Stored items:
========================

(* An atom of the lattice $\mathbf{Com}$ is a neutral element of $\mathbf{Com}$ if and only if it is one of the varieties $\mathcal{SL}$ or $\mathcal{ZM}$.
   Context: $\mathbf{Com}$ denotes the lattice of all commutative semigroup varieties. An element $x$ of a lattice is neutral if for all $y,z$: $(x\vee y)\wedge(y\vee z)\wedge(z\vee x)=(x\wedge y)\vee(y\wedge z)\vee(z\wedge x)$. $\mathcal{SL}=\operatorname{var}\{x^2=x,\ xy=yx\}$ is the variety of semilattices and $\mathcal{ZM}=\operatorname{var}\{xy=0\}$ the variety of null semigroups, where $xy=0$ abbreviates $xyz=zxy=xy$. *)

theory Defs
  imports Main "HOL-Library.Multiset"
begin

text \<open>Words of the free commutative semigroup over the countable alphabet of
variables x_0, x_1, ... : nonempty multisets of variable indices.\<close>
type_synonym word = "nat multiset"

definition Words :: "word set" where
  "Words = {w. w \<noteq> {#}}"

definition subst :: "(nat \<Rightarrow> word) \<Rightarrow> word \<Rightarrow> word" where
  "subst \<sigma> w = \<Sum>\<^sub># (image_mset \<sigma> w)"

text \<open>Equational theories of commutative semigroup varieties = fully invariant
congruences on the free commutative semigroup. A variety of commutative semigroups
is identified with its equational theory (Birkhoff).\<close>
definition fic :: "(word \<times> word) set \<Rightarrow> bool" where
  "fic T \<longleftrightarrow> T \<subseteq> Words \<times> Words \<and> refl_on Words T \<and> sym T \<and> trans T
     \<and> (\<forall>u v w. (u, v) \<in> T \<longrightarrow> w \<in> Words \<longrightarrow> (u + w, v + w) \<in> T)
     \<and> (\<forall>\<sigma> u v. (\<forall>x. \<sigma> x \<noteq> {#}) \<longrightarrow> (u, v) \<in> T \<longrightarrow> (subst \<sigma> u, subst \<sigma> v) \<in> T)"

definition eq_closure :: "(word \<times> word) set \<Rightarrow> (word \<times> word) set" where
  "eq_closure E = \<Inter>{S. fic S \<and> E \<subseteq> S}"

text \<open>Lattice operations of Com, expressed on equational theories
(the variety lattice is dually isomorphic to the lattice of theories).\<close>
definition com_join :: "(word \<times> word) set \<Rightarrow> (word \<times> word) set \<Rightarrow> (word \<times> word) set" where
  "com_join T1 T2 = T1 \<inter> T2"

definition com_meet :: "(word \<times> word) set \<Rightarrow> (word \<times> word) set \<Rightarrow> (word \<times> word) set" where
  "com_meet T1 T2 = eq_closure (T1 \<union> T2)"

========================

### TASK TO COMPLETE
Nothing in the records may change; output all of them exactly.

### SOLVED PROBLEM
(* An atom of the lattice $\mathbf{Com}$ is a neutral element of $\mathbf{Com}$ if and only if it is one of the varieties $\mathcal{SL}$ or $\mathcal{ZM}$.
   Context: $\mathbf{Com}$ denotes the lattice of all commutative semigroup varieties. An element $x$ of a lattice is neutral if for all $y,z$: $(x\vee y)\wedge(y\vee z)\wedge(z\vee x)=(x\wedge y)\vee(y\wedge z)\vee(z\wedge x)$. $\mathcal{SL}=\operatorname{var}\{x^2=x,\ xy=yx\}$ is the variety of semilattices and $\mathcal{ZM}=\operatorname{var}\{xy=0\}$ the variety of null semigroups, where $xy=0$ abbreviates $xyz=zxy=xy$. *)

theory Defs
  imports Main "HOL-Library.Multiset"
begin

text \<open>Words of the free commutative semigroup over the countable alphabet of
variables x_0, x_1, ... : nonempty multisets of variable indices.\<close>
type_synonym word = "nat multiset"

definition Words :: "word set" where
  "Words = {w. w \<noteq> {#}}"

definition subst :: "(nat \<Rightarrow> word) \<Rightarrow> word \<Rightarrow> word" where
  "subst \<sigma> w = \<Sum>\<^sub># (image_mset \<sigma> w)"

text \<open>Equational theories of commutative semigroup varieties = fully invariant
congruences on the free commutative semigroup. A variety of commutative semigroups
is identified with its equational theory (Birkhoff).\<close>
definition fic :: "(word \<times> word) set \<Rightarrow> bool" where
  "fic T \<longleftrightarrow> T \<subseteq> Words \<times> Words \<and> refl_on Words T \<and> sym T \<and> trans T
     \<and> (\<forall>u v w. (u, v) \<in> T \<longrightarrow> w \<in> Words \<longrightarrow> (u + w, v + w) \<in> T)
     \<and> (\<forall>\<sigma> u v. (\<forall>x. \<sigma> x \<noteq> {#}) \<longrightarrow> (u, v) \<in> T \<longrightarrow> (subst \<sigma> u, subst \<sigma> v) \<in> T)"

definition eq_closure :: "(word \<times> word) set \<Rightarrow> (word \<times> word) set" where
  "eq_closure E = \<Inter>{S. fic S \<and> E \<subseteq> S}"

text \<open>Lattice operations of Com, expressed on equational theories
(the variety lattice is dually isomorphic to the lattice of theories).\<close>
definition com_join :: "(word \<times> word) set \<Rightarrow> (word \<times> word) set \<Rightarrow> (word \<times> word) set" where
  "com_join T1 T2 = T1 \<inter> T2"

definition com_meet :: "(word \<times> word) set \<Rightarrow> (word \<times> word) set \<Rightarrow> (word \<times> word) set" where
  "com_meet T1 T2 = eq_closure (T1 \<union> T2)"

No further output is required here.